17 enero, 2026

Universidades autónomas, aliadas clave en la construcción de un Estado íntegro: funcionario de la ASF

En el marco del Diálogo Universitario, organizado por la Universidad Autónoma de San Luis Potosí (UASLP), el doctor Eber Omar Betanzos Torres, titular de la Unidad Técnica de la Auditoría Superior de la Federación (ASF), ofreció una reflexión amplia sobre ética pública, integridad institucional y fiscalización superior, como condiciones indispensables para una autonomía universitaria legítima, en un contexto nacional marcado por profundas transformaciones sociales, económicas y culturales.

Durante su participación, destacó el papel histórico que ha desempeñado la Universidad Autónoma de San Luis Potosí en la construcción de prestigio académico, legitimidad social y una relación estrecha con su entorno. Subrayó que este reconocimiento no es fortuito, sino resultado de un trabajo constante orientado a la formación universitaria con pensamiento crítico, conciencia social y capacidad de incidir en la vida pública, tanto a nivel estatal como nacional, mediante la generación de conocimiento. En ese sentido, reconoció también el papel de San Luis Potosí como una entidad federativa líder en diversos sectores estratégicos para el país.

El funcionario federal señaló que educar es una de las tareas más nobles a las que puede aspirar cualquier persona, pues implica compartir de manera generosa la experiencia y el conocimiento acumulado, para que otros encuentren nuevas formas de enfrentar y resolver problemas comunes. En el ámbito de la educación superior, dijo, esta misión adquiere una profundidad mayor, ya que no se limita a la transmisión de herramientas técnicas para el ejercicio profesional, sino que busca formar personas con espíritu creativo y propositivo, capaces de ir más allá de lo aprendido y de aportar ideas propias al esfuerzo colectivo de construir conocimiento.

En un país como México, con grandes contrastes y brechas sociales y económicas, la contribución de las universidades públicas resulta aún más relevante. La formación educativa se convierte en un motor del desarrollo, en un generador de mejores condiciones de bienestar y en un pilar para la construcción de sociedades más justas y equitativas. Quienes acceden a la educación universitaria pública, afirmó, son beneficiarios de una de las inversiones más importantes que realiza el Estado en términos de recursos materiales, financieros y humanos, dentro de un proyecto de nación, señaló.

A partir de ello, subrayó la importancia de que los recursos públicos destinados a las instituciones de educación superior se asignen y ejerzan con el mayor cuidado, bajo criterios que aseguren su aprovechamiento óptimo y su impacto social. Las universidades no sólo forman profesionistas, también ofrecen espacios para conocer de cerca la realidad social del país, sus desafíos y necesidades, y para afirmar compromisos éticos y profesionales.

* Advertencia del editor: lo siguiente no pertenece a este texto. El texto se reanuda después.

(* Let $E=(d_0,d_1)$ with $-\infty\le d_0<d_1\le\infty$, equipped with Lebesgue measure, and $L^1=L^1(E)$. Let $g\colon E\to\mathbb{R}$ be continuous and strictly positive and let $\varphi\ge0$ be Borel measurable and integrable on compact subsets of $E$. Let $\lambda>0$, $Q_\lambda=\lambda G+Q$ (with $G,Q$ as in the context), and define \[ R_\lambda v(x)=\int_{d_0}^{d_1}\mathbf{1}_{(d_0,x)}(y)\frac{e^{Q_\lambda(y)-Q_\lambda(x)}}{g(x)}v(y)\,dy,\quad v\in L^1,\ x\in E. \] Then $\lambda\|R_\lambda v\|\le\|v\|$ for all $v\in L^1$. Moreover, for every $v\in L^1$ we have $gR_\lambda v\in AC$ and $u=R_\lambda v$ is a solution in $L^1$ of the equation $\lambda u-Au=v$, where $Au=-\frac{d}{dx}(gu)-\varphi u$.
   Context: $AC$ denotes the space of absolutely continuous functions on $E$. $G(x)=\int_{x_0}^x\frac{dz}{g(z)}$ and $Q(x)=\int_{x_1}^x\frac{\varphi(z)}{g(z)}dz$, where $x_0=d_0$ (resp. $x_1=d_0$) if the corresponding integral is finite for all $x\in E$, and otherwise $x_0$ (resp. $x_1$) is a fixed point of $E$. *)

theory Defs
  imports "HOL-Analysis.Analysis"
begin

definition abs_cont_on_interval :: "real \<Rightarrow> real \<Rightarrow> (real \<Rightarrow> real) \<Rightarrow> bool" where
  "abs_cont_on_interval a b f \<longleftrightarrow>
     (\<forall>\<epsilon>>0. \<exists>\<delta>>0. \<forall>(n::nat) (s::nat \<Rightarrow> real) (t::nat \<Rightarrow> real).
        (\<forall>i<n. a \<le> s i \<and> s i \<le> t i \<and> t i \<le> b) \<and>
        (\<forall>i<n. \<forall>j<n. i \<noteq> j \<longrightarrow> t i \<le> s j \<or> t j \<le> s i) \<and>
        (\<Sum>i<n. t i - s i) < \<delta>
        \<longrightarrow> (\<Sum>i<n. \<bar>f (t i) - f (s i)\<bar>) < \<epsilon>)"

definition AC_on :: "real set \<Rightarrow> (real \<Rightarrow> real) \<Rightarrow> bool" where
  "AC_on E f \<longleftrightarrow> (\<forall>a b. a \<in> E \<longrightarrow> b \<in> E \<longrightarrow> a \<le> b \<longrightarrow> abs_cont_on_interval a b f)"

definition base_point :: "ereal \<Rightarrow> ereal \<Rightarrow> real \<Rightarrow> (real \<Rightarrow> real) \<Rightarrow> ereal" where
  "base_point d0 d1 c h =
     (if (\<forall>x\<in>einterval d0 d1. interval_lebesgue_integrable lborel d0 (ereal x) h)
      then d0 else ereal c)"

definition primitive :: "ereal \<Rightarrow> ereal \<Rightarrow> real \<Rightarrow> (real \<Rightarrow> real) \<Rightarrow> real \<Rightarrow> real" where
  "primitive d0 d1 c h x = interval_lebesgue_integral lborel (base_point d0 d1 c h) (ereal x) h"

definition Gfun :: "ereal \<Rightarrow> ereal \<Rightarrow> real \<Rightarrow> (real \<Rightarrow> real) \<Rightarrow> real \<Rightarrow> real" where
  "Gfun d0 d1 x0 g = primitive d0 d1 x0 (\<lambda>z. 1 / g z)"

definition Qfun :: "ereal \<Rightarrow> ereal \<Rightarrow> real \<Rightarrow> (real \<Rightarrow> real) \<Rightarrow> (real \<Rightarrow> real) \<Rightarrow> real \<Rightarrow> real" where
  "Qfun d0 d1 x1 g \<phi> = primitive d0 d1 x1 (\<lambda>z. \<phi> z / g z)"

definition Qlam :: "ereal \<Rightarrow> ereal \<Rightarrow> real \<Rightarrow> real \<Rightarrow> (real \<Rightarrow> real) \<Rightarrow> (real \<Rightarrow> real) \<Rightarrow> real \<Rightarrow> real \<Rightarrow> real" where
  "Qlam d0 d1 x0 x1 g \<phi> lam x = lam * Gfun d0 d1 x0 g x + Qfun d0 d1 x1 g \<phi> x"

definition Rlam :: "ereal \<Rightarrow> ereal \<Rightarrow> real \<Rightarrow> real \<Rightarrow> (real \<Rightarrow> real) \<Rightarrow> (real \<Rightarrow> real) \<Rightarrow> real
                     \<Rightarrow> (real \<Rightarrow> real) \<Rightarrow> real \<Rightarrow> real" where
  "Rlam d0 d1 x0 x1 g \<phi> lam v x =
     (LINT y:einterval d0 d1|lebesgue.
        indicator (einterval d0 (ereal x)) y *
        (exp (Qlam d0 d1 x0 x1 g \<phi> lam y - Qlam d0 d1 x0 x1 g \<phi> lam x) / g x) * v y)"

end

theory Submission
  imports Defs
begin

text \<open>Write \<open>Q_lam = \<lambda> G + Q\<close>; it is locally absolutely continuous with density \<open>(\<lambda> + \<phi>) / g\<close>
  and grows at least like \<open>\<lambda> G\<close> because \<open>\<phi> \<ge> 0\<close>. On \<open>E\<close> one has
  \<open>g R\<^sub>\<lambda> v = exp (- Q_lam) F\<close> with \<open>F x = \<integral>\<^sub>d\<^sub>0\<^sup>x exp (Q_lam y) v y dy\<close>, a product of two
  locally absolutely continuous functions, and Lebesgue differentiation of both factors gives
  \<open>(g R\<^sub>\<lambda> v)' = v - (\<lambda> + \<phi>) R\<^sub>\<lambda> v\<close> almost everywhere. For the norm bound, Tonelli's theorem
  reduces \<open>\<lambda> \<parallel>R\<^sub>\<lambda> v\<parallel> \<le> \<parallel>v\<parallel>\<close> to \<open>\<integral>\<^sub>y\<^sup>d\<^sup>1 exp (Q_lam y - Q_lam x) / g x dx \<le> 1/\<lambda>\<close>, and
  the integrand is at most \<open>exp (- \<lambda> (G x - G y)) / g x\<close>, whose integral is at most \<open>1/\<lambda>\<close>.\<close>

section \<open>Absolute continuity on compact intervals\<close>

definition nonoverlapping_subintervals :: "real \<Rightarrow> real \<Rightarrow> nat \<Rightarrow> (nat \<Rightarrow> real) \<Rightarrow> (nat \<Rightarrow> real) \<Rightarrow> bool" where
  "nonoverlapping_subintervals a b n s t \<longleftrightarrow>
     (\<forall>i<n. a \<le> s i \<and> s i \<le> t i \<and> t i \<le> b) \<and> (\<forall>i<n. \<forall>j<n. i \<noteq> j \<longrightarrow> t i \<le> s j \<or> t j \<le> s i)"

lemma abs_cont_on_interval_iff:
  "abs_cont_on_interval a b f \<longleftrightarrow>
     (\<forall>e>0. \<exists>d>0. \<forall>n s t. nonoverlapping_subintervals a b n s t \<and> (\<Sum>i<n. t i - s i) < d
        \<longrightarrow> (\<Sum>i<n. \<bar>f (t i) - f (s i)\<bar>) < e)"
  unfolding abs_cont_on_interval_def nonoverlapping_subintervals_def by (simp only: conj_assoc)

lemma abs_cont_on_interval_dominated:
  fixes f g h :: "real \<Rightarrow> real"
  assumes f: "abs_cont_on_interval a b f" and g: "abs_cont_on_interval a b g"
    and "A \<ge> 0" "B \<ge> 0"
    and bound: "\<And>s t. s \<in> {a..b} \<Longrightarrow> t \<in> {a..b} \<Longrightarrow> \<bar>h t - h s\<bar> \<le> A * \<bar>f t - f s\<bar> + B * \<bar>g t - g s\<bar>"
  shows "abs_cont_on_interval a b h"
  unfolding abs_cont_on_interval_iff
proof (intro allI impI)
  fix e :: real assume "0 < e"
  define e' where "e' = e / (A + B + 1)"
  have "e' > 0" using \<open>0 < e\<close> \<open>A \<ge> 0\<close> \<open>B \<ge> 0\<close> by (simp add: e'_def)
  obtain d1 where "d1 > 0" and d1: "\<And>n s t. nonoverlapping_subintervals a b n s t \<Longrightarrow>
      (\<Sum>i<n. t i - s i) < d1 \<Longrightarrow> (\<Sum>i<n. \<bar>f (t i) - f (s i)\<bar>) < e'"
    using f \<open>e' > 0\<close> unfolding abs_cont_on_interval_iff by meson
  obtain d2 where "d2 > 0" and d2: "\<And>n s t. nonoverlapping_subintervals a b n s t \<Longrightarrow>
      (\<Sum>i<n. t i - s i) < d2 \<Longrightarrow> (\<Sum>i<n. \<bar>g (t i) - g (s i)\<bar>) < e'"
    using g \<open>e' > 0\<close> unfolding abs_cont_on_interval_iff by meson
  show "\<exists>d>0. \<forall>n s t. nonoverlapping_subintervals a b n s t \<and> (\<Sum>i<n. t i - s i) < d
      \<longrightarrow> (\<Sum>i<n. \<bar>h (t i) - h (s i)\<bar>) < e"
  proof (intro exI[of _ "min d1 d2"] conjI allI impI)
    fix n s t assume st: "nonoverlapping_subintervals a b n s t \<and> (\<Sum>i<n. t i - s i) < min d1 d2"
    have "(\<Sum>i<n. \<bar>h (t i) - h (s i)\<bar>) \<le> (\<Sum>i<n. A * \<bar>f (t i) - f (s i)\<bar> + B * \<bar>g (t i) - g (s i)\<bar>)"
      using st by (intro sum_mono bound) (auto simp: nonoverlapping_subintervals_def)
    also have "\<dots> = A * (\<Sum>i<n. \<bar>f (t i) - f (s i)\<bar>) + B * (\<Sum>i<n. \<bar>g (t i) - g (s i)\<bar>)"
      by (simp add: sum.distrib sum_distrib_left)
    also have "\<dots> \<le> A * e' + B * e'"
      using d1[of n s t] d2[of n s t] st \<open>A \<ge> 0\<close> \<open>B \<ge> 0\<close> by (intro add_mono mult_left_mono) auto
    also have "\<dots> = (A + B) * e'" by (simp add: algebra_simps)
    also have "\<dots> < (A + B + 1) * e'" using \<open>e' > 0\<close> by simp
    also have "\<dots> = e" using \<open>A \<ge> 0\<close> \<open>B \<ge> 0\<close> by (simp add: e'_def)
    finally show "(\<Sum>i<n. \<bar>h (t i) - h (s i)\<bar>) < e" .
  qed (use \<open>d1 > 0\<close> \<open>d2 > 0\<close> in simp)
qed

Al abordar el concepto de fiscalización, afirmó que esta no se concibe únicamente desde una lógica sancionadora, sino como un proceso que busca identificar áreas de oportunidad, proponer alternativas y mejorar la eficiencia en el ejercicio del gasto. Cada peso del patrimonio público ejercido correctamente, señaló, permite orientar de manera más clara los fines de las políticas públicas.

Uno de los ejes centrales de su intervención fue la autonomía universitaria, entendida como un concepto complejo que abarca la libertad de cátedra, la integración del cuerpo académico, la organización interna y la administración de recursos. Recordó que el debate sobre la fiscalización de las universidades no es nuevo y tiene raíces profundas en la historia del país, con discusiones que se remontan al siglo pasado, como las sostenidas entre Justo Sierra y José Yves de Limantour, en torno al control de los recursos universitarios.

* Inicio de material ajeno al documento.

lemma vecmat_staircase_mat_inj:
  assumes x: "x \<in> carrier_vec n" and y: "y \<in> carrier_vec n"
    and eq: "vecmat x (staircase_mat n) = vecmat y (staircase_mat n)"
  shows "x = y"
proof -
  have step: "2 * (\<Sum>s<Suc j. x $ s) - (\<Sum>s<n. x $ s)
      = 2 * (\<Sum>s<Suc j. y $ s) - (\<Sum>s<n. y $ s)" if "j < n" for j
    using vecmat_staircase_mat_nth[OF x that] vecmat_staircase_mat_nth[OF y that] eq by simp
  have total: "(\<Sum>s<n. x $ s) = (\<Sum>s<n. y $ s)"
  proof (cases n)
    case (Suc m)
    then show ?thesis
      using step[of m] by simp
  qed simp
  have prefix: "(\<Sum>s<j. x $ s) = (\<Sum>s<j. y $ s)" if "j \<le> n" for j
  proof (cases j)
    case (Suc i)
    then show ?thesis
      using step[of i] total that by simp
  qed simp
  show ?thesis
  proof (rule eq_vecI)
    fix j assume "j < dim_vec y"
    then have "j < n"
      using y by simp
    then show "x $ j = y $ j"
      using prefix[of "Suc j"] prefix[of j] by simp
  qed (use x y in simp)
qed

lemma vecmat_xvec:
  assumes "T \<in> carrier_vec (2^t)"
  shows "vecmat (xvec t T) (Mmat t) = T"
proof -
  have "\<exists>!x. x \<in> carrier_vec (2^t) \<and> T = vecmat x (Mmat t)"
    using vecmat_staircase_mat_surj[OF assms] vecmat_staircase_mat_inj
    unfolding Mmat_eq_staircase_mat by auto
  from theI'[OF this] show ?thesis
    unfolding xvec_def by simp
qed

lemma tope_carrier: "tope t F \<in> carrier_vec (2^t)"
  by (simp add: tope_def Tplus_def gamma_def)

lemma gamma_nth: "k < 2^t \<Longrightarrow> gamma t F $ k = (if kth_subset t k \<in> F then 1 else 0)"
  by (simp add: gamma_def)

lemma gamma_cong:
  assumes "\<And>S. S \<subseteq> {1..t} \<Longrightarrow> S \<in> F \<longleftrightarrow> S \<in> G"
  shows "gamma t F = gamma t G"
proof (rule eq_vecI)
  fix k assume "k < dim_vec (gamma t G)"
  then have "k < 2^t"
    by (simp add: gamma_def)
  then show "gamma t F $ k = gamma t G $ k"
    using assms[OF kth_subset_subset] by (simp add: gamma_nth)
qed (simp add: gamma_def)

lemma Tplus_minus_gamma: "Tplus t - gamma t F = gamma t (- F)"
  by (intro eq_vecI) (auto simp: Tplus_def gamma_def)

lemma cprod_cong: "(\<And>i. i \<in> I \<Longrightarrow> f i = g i) \<Longrightarrow> cprod n I f = cprod n I g"
  unfolding cprod_def by (metis (no_types, lifting) prod.cong)

lemma cprod_gamma:
  assumes "finite I"
  shows "cprod (2^t) I (\<lambda>i. gamma t (F i)) = gamma t (\<Inter>i\<in>I. F i)"
proof (rule eq_vecI)
  fix k assume "k < dim_vec (gamma t (\<Inter>i\<in>I. F i))"
  then have k: "k < 2^t"
    by (simp add: gamma_def)
  have "cprod (2^t) I (\<lambda>i. gamma t (F i)) $ k
      = (\<Prod>i\<in>I. if kth_subset t k \<in> F i then 1 else 0)"
    using k by (simp add: cprod_def gamma_nth)
  also have "\<dots> = gamma t (\<Inter>i\<in>I. F i) $ k"
    using assms k by (auto simp: gamma_nth prod_zero_iff)
  finally show "cprod (2^t) I (\<lambda>i. gamma t (F i)) $ k = gamma t (\<Inter>i\<in>I. F i) $ k" .
qed (simp add: cprod_def gamma_def)

lemma half_Tplus_minus_tope: "(1/2) \<cdot>\<^sub>v (Tplus t - tope t F) = gamma t F"
  by (intro eq_vecI) (auto simp: Tplus_def tope_def gamma_def)

lemma vecmat_gamma_Ubar: "vecmat (gamma t F) (Ubar t) = gamma t {S. {1..t} - S \<in> F}"
proof (rule eq_vecI)
  fix j assume "j < dim_vec (gamma t {S. {1..t} - S \<in> F})"
  then have j: "j < 2^t"
    by (simp add: gamma_def)
  have "vecmat (gamma t F) (Ubar t) $ j
      = (\<Sum>i<2^t. gamma t F $ i * (if i + j = 2^t - 1 then 1 else 0))"
    using j by (simp add: vecmat_def Ubar_def scalar_prod_def gamma_def atLeast0LessThan)
  also have "\<dots> = (\<Sum>i<2^t. if i = 2^t - 1 - j then gamma t F $ i else 0)"
    using j by (intro sum.cong) auto
  also have "\<dots> = gamma t F $ (2^t - 1 - j)"
    by (simp add: sum.delta')
  also have "\<dots> = gamma t {S. {1..t} - S \<in> F} $ j"
    using j kth_subset_complement[OF j] by (simp add: gamma_nth)
  finally show "vecmat (gamma t F) (Ubar t) $ j = gamma t {S. {1..t} - S \<in> F} $ j" .
qed (simp add: vecmat_def Ubar_def gamma_def)

lemma up_blocker_iff:
  assumes "D \<subseteq> {1..t}"
  shows "D \<in> up t (blocker t \<A>) \<longleftrightarrow> (\<forall>A\<in>\<A>. D \<inter> A \<noteq> {})"
proof
  assume "D \<in> up t (blocker t \<A>)"
  then obtain B where B: "B \<in> blocker t \<A>" "B \<subseteq> D"
    by (auto simp: up_def)
  from B(1) have "\<forall>A\<in>\<A>. B \<inter> A \<noteq> {}"
    by (simp add: blocker_def)
  with B(2) show "\<forall>A\<in>\<A>. D \<inter> A \<noteq> {}"
    by blast
next
  assume D: "\<forall>A\<in>\<A>. D \<inter> A \<noteq> {}"
  let ?T = "{B. B \<subseteq> D \<and> (\<forall>A\<in>\<A>. B \<inter> A \<noteq> {})}"
  have "finite D"
    using assms by (rule finite_subset) simp
  then have "finite ?T"
    by (intro finite_subset[of ?T "Pow D"]) auto
  moreover have "?T \<noteq> {}"
    using D by blast
  ultimately obtain B
    where B: "B \<in> ?T" and minimal: "\<forall>B'\<in>?T. B' \<subseteq> B \<longrightarrow> B = B'"
    by (metis (no_types, lifting) finite_has_minimal)
  have "B \<in> blocker t \<A>"
    unfolding blocker_def
  proof (intro CollectI conjI allI impI)
    show "B \<subseteq> {1..t}"
      using B assms by blast
    show "\<forall>A\<in>\<A>. B \<inter> A \<noteq> {}"
      using B by simp
    show "\<not> (\<forall>A\<in>\<A>. B' \<inter> A \<noteq> {})" if "B' \<subset> B" for B'
    proof
      assume "\<forall>A\<in>\<A>. B' \<inter> A \<noteq> {}"
      then have "B' \<in> ?T"
        using that B by auto
      then show False
        using minimal that by blast
    qed
  qed
  with B assms show "D \<in> up t (blocker t \<A>)"
    by (auto simp: up_def)
qed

Con el paso del tiempo, explicó, se ha construido un equilibrio más sólido entre autonomía y rendición de cuentas. Hoy, la capacidad de revisión de los recursos federales corresponde a la Federación, bajo un esquema que reconoce la autonomía universitaria y, al mismo tiempo, la responsabilidad en el ejercicio del gasto público. La elevación de la autonomía universitaria a rango constitucional en 1980, mediante su incorporación al artículo tercero, consolidó esta visión integral, en la que la fiscalización superior acompaña la gestión presupuestal desde una lógica institucional y democrática.

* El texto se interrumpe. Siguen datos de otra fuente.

lemma double_sum_div_mult_add:
  fixes f m e :: nat
  assumes "f > 0" "e \<le> f"
  shows "2 * (\<Sum>r<m * f + e. r div f) = f * m * (m - 1) + 2 * m * e"
proof -
  have "(\<Sum>r<e. (m * f + r) div f) = (\<Sum>r<e. m)"
    using assms by (intro sum.cong) (auto intro: div_nat_eqI)
  then have "(\<Sum>r<m * f + e. r div f) = (\<Sum>r<m * f. r div f) + e * m"
    by (simp add: sum_lessThan_add_split)
  moreover have "2 * (\<Sum>r<m * f. r div f) = f * m * (m - 1)"
    using double_sum_add_div_mult[OF assms(1), where m=m and x=0]
    by (simp only: add_0 mult_0_right)
  ultimately show ?thesis
    by (simp add: add_mult_distrib2 mult.commute mult.left_commute)
qed

lemma sum_atLeastLessThan_eq_const:
  fixes g :: "nat \<Rightarrow> int"
  assumes "m \<le> n" "\<And>r. m \<le> r \<Longrightarrow> r < n \<Longrightarrow> g r = v"
  shows "(\<Sum>r\<in>{m..<n}. g r) = int (n - m) * v"
  using assms by (simp add: sum.cong[of _ _ g "\<lambda>_. v"])

locale three_generators =
  fixes a b c f q :: nat
  assumes a_pos: "0 < a" and q_pos: "0 < q" and coprime_ab: "coprime a b"
    and c_eq: "c + q * a = f * b" and separation: "5 * a * q \<le> f * b"
begin

lemma fb_pos: "0 < f * b"
proof -
  have "0 < 5 * a * q" using a_pos q_pos by simp
  with separation show ?thesis by linarith
qed

lemma f_pos: "0 < f" and b_pos: "0 < b"
  using fb_pos by simp_all

lemma c_pos: "0 < c"
proof -
  have "q * a < 5 * (q * a)" using a_pos q_pos by simp
  also have "\<dots> \<le> f * b" using separation by (simp add: ac_simps)
  finally show ?thesis using c_eq by linarith
qed

lemma c_int_eq: "int c = int f * int b - int q * int a"
  using c_eq by (metis add_diff_cancel_right' of_nat_add of_nat_mult)

definition height :: "nat \<Rightarrow> nat \<Rightarrow> nat" where
  "height r s = (r + a * s) div f"

definition level :: "nat \<times> nat \<Rightarrow> int" where
  "level p = int (fst p) * int b - int (snd p) * int q"

definition points :: "nat \<Rightarrow> (nat \<times> nat) set" where
  "points r = {(s, z). f * z \<le> r + a * s}"

lemma level_Pair [simp]: "level (s, z) = int s * int b - int z * int q"
  by (simp add: level_def)

lemma mem_points_iff_le_height: "(s, z) \<in> points r \<longleftrightarrow> z \<le> height r s"
  using f_pos by (simp add: points_def height_def less_eq_div_iff_mult_less_eq mult.commute)

lemma height_eqI: "k * f \<le> r + a * s \<Longrightarrow> r + a * s < (k + 1) * f \<Longrightarrow> height r s = k"
  unfolding height_def by (intro div_nat_eqI) (auto simp: mult.commute)

lemma points_mult_q_bound:
  assumes "(t, z) \<in> points r" "r < a"
  shows "f * (z * q) < a * (t + 1) * q"
proof -
  have "f * (z * q) \<le> (r + a * t) * q"
    using assms(1) by (simp add: points_def mult.assoc[symmetric])
  also have "\<dots> < a * (t + 1) * q"
    using assms(2) q_pos by (simp add: algebra_simps)
  finally show ?thesis .
qed

lemma points_mult_q_less:
  assumes "(t, z) \<in> points r" "r < a" "t \<le> 3"
  shows "z * q < b"
proof -
  have "f * (z * q) < a * (t + 1) * q"
    using points_mult_q_bound assms by blast
  also have "\<dots> \<le> 5 * a * q"
    using assms(3) by (intro mult_le_mono1) simp
  also have "\<dots> \<le> f * b"
    by (rule separation)
  finally show ?thesis by simp
qed

lemma level_beyond_column:
  assumes "(t, z) \<in> points r" "r < a" "s < t" "s \<le> 3"
  shows "int s * int b < level (t, z)"
proof -
  have "t + 1 \<le> 5 * (t - s)"
    using assms(3,4) by linarith
  then have "a * q * (t + 1) \<le> a * q * (5 * (t - s))"
    by (rule mult_le_mono2)
  then have "a * (t + 1) * q \<le> 5 * a * q * (t - s)"
    by (simp only: ac_simps)
  also have "\<dots> \<le> f * b * (t - s)"
    using separation by (rule mult_le_mono1)
  finally have "f * (z * q) < f * (b * (t - s))"
    using points_mult_q_bound[OF assms(1,2)] by (simp only: mult.assoc)
  then have "z * q < b * (t - s)" by simp
  then have "int (z * q) < int (b * (t - s))"
    by (simp only: of_nat_less_iff)
  then have "int z * int q < int b * (int t - int s)"
    using assms(3) by simp
  then show ?thesis by (simp add: algebra_simps)
qed

lemma level_before_column:
  assumes "r < a" "s \<le> 3" "z0 \<le> height r s" "t < s"
  shows "level (t, z) < level (s, z0)"
proof -
  have "z0 * q < b"
    using points_mult_q_less[OF _ assms(1,2), of z0] assms(3) by (simp add: mem_points_iff_le_height)
  then have "int z0 * int q < int b"
    by (simp flip: of_nat_mult)
  moreover have "t * b + b \<le> s * b"
    using mult_le_mono1[of "t + 1" s b] assms(4) by simp
  then have "int t * int b + int b \<le> int s * int b"
    by (simp flip: of_nat_mult of_nat_add)
  moreover have "0 \<le> int z * int q"
    by simp
  ultimately show ?thesis
    unfolding level_Pair by linarith
qed

lemma lowest_four_points:
  assumes r: "r < a" and s: "s \<le> 3" and z0: "z0 \<le> height r s"
    and four: "(\<Sum>t<s. height r t + 1) + (height r s - z0) = 3"
  defines "T \<equiv> (SIGMA t:{..<s}. {..height r t}) \<union> {s} \<times> {z0..height r s}"
  shows "T \<subseteq> points r" "card T = 4" "(s, z0) \<in> T"
    and "\<forall>p\<in>T. level p \<le> level (s, z0)"
    and "\<forall>p\<in>points r. level p < level (s, z0) \<longrightarrow> p \<in> T - {(s, z0)}"
proof -
  show "T \<subseteq> points r"
    unfolding T_def by (auto simp: mem_points_iff_le_height)
  have "card T = card (SIGMA t:{..<s}. {..height r t}) + card ({s} \<times> {z0..height r s})"
    unfolding T_def by (intro card_Un_disjoint) auto
  also have "\<dots> = (\<Sum>t<s. height r t + 1) + (height r s + 1 - z0)"
    by (simp add: card_cartesian_product)
  finally show "card T = 4"
    using four z0 by linarith
  show "(s, z0) \<in> T"
    unfolding T_def using z0 by simp
  show "\<forall>p\<in>T. level p \<le> level (s, z0)"
  proof
    fix p assume "p \<in> T"
    then consider t z where "p = (t, z)" "t < s" | z where "p = (s, z)" "z0 \<le> z"
      unfolding T_def by auto
    then show "level p \<le> level (s, z0)"
    proof cases
      case 1
      then show ?thesis
        using level_before_column[OF r s z0 \<open>t < s\<close>, of z] by simp
    next
      case 2
      then show ?thesis by (simp add: mult_right_mono)
    qed
  qed
  show "\<forall>p\<in>points r. level p < level (s, z0) \<longrightarrow> p \<in> T - {(s, z0)}"
  proof (intro ballI impI)
    fix p assume p: "p \<in> points r" and less: "level p < level (s, z0)"
    obtain t z where tz: "p = (t, z)" by fastforce
    have "t \<le> s"
    proof (rule ccontr)
      assume "\<not> t \<le> s"
      then have "int s * int b < level p"
        using level_beyond_column[OF p[unfolded tz] r _ s] tz by simp
      moreover have "level (s, z0) \<le> int s * int b" by simp
      ultimately show False using less by linarith
    qed
    moreover have "z0 < z" if "t = s"
    proof -
      have "int z0 * int q < int z * int q"
        using less tz that by simp
      then show ?thesis by (simp add: mult_less_cancel_right)
    qed
    moreover have "z \<le> height r t"
      using p tz by (simp add: mem_points_iff_le_height)
    ultimately show "p \<in> T - {(s, z0)}"
      unfolding T_def tz by (cases "t = s") auto
  qed
qed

Finalmente, el titular de la Unidad Técnica de la ASF afirmó que la educación pública es el camino más sólido hacia la igualdad y el progreso. Garantizar el acceso a la educación superior, sin importar el origen o la condición social, es una tarea urgente que requiere recursos ejercidos con eficiencia, transparencia y rendición de cuentas. En este esfuerzo, la Auditoría Superior de la Federación se asume como aliada de las universidades, respetando su autonomía y fortaleciendo la confianza pública.